------ Records for this task ------

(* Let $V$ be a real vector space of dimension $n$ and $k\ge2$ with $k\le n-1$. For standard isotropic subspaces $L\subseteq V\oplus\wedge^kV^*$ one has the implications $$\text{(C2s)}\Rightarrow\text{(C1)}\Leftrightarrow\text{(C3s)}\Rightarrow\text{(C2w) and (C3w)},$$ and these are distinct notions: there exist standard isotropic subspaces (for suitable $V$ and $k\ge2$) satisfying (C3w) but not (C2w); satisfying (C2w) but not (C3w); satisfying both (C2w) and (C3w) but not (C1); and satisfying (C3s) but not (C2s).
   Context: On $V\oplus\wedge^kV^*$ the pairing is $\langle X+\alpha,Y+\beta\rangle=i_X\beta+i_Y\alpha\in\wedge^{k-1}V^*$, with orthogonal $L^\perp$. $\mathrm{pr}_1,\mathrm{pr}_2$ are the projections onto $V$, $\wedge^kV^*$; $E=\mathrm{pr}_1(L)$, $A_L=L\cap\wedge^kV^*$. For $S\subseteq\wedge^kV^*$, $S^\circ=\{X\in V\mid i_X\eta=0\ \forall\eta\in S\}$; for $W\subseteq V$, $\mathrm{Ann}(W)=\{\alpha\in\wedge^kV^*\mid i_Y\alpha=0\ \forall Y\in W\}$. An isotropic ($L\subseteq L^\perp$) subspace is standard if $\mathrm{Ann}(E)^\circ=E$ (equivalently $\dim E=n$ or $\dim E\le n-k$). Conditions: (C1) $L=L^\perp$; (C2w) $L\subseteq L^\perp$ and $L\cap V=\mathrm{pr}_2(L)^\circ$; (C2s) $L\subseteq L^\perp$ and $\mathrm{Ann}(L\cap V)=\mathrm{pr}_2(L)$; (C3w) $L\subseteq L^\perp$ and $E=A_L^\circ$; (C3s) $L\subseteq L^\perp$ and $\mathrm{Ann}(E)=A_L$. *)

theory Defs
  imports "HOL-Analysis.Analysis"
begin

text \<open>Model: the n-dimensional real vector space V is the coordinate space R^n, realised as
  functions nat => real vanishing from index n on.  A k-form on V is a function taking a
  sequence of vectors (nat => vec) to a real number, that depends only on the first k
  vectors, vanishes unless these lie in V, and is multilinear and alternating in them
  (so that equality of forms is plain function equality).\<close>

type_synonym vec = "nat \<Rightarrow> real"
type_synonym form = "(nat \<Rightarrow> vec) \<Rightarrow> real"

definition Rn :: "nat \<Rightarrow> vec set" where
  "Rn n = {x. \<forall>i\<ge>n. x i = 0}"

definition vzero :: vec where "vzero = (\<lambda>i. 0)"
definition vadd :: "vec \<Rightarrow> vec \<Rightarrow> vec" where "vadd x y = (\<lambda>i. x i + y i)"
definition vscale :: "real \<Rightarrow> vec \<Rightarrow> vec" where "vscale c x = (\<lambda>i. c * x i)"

------

Looking at the records above, please output exactly the lines that run from the one holding "definition vzero :: vec" to the final line, and only those.

definition vzero :: vec where "vzero = (\<lambda>i. 0)"
definition vadd :: "vec \<Rightarrow> vec \<Rightarrow> vec" where "vadd x y = (\<lambda>i. x i + y i)"
definition vscale :: "real \<Rightarrow> vec \<Rightarrow> vec" where "vscale c x = (\<lambda>i. c * x i)"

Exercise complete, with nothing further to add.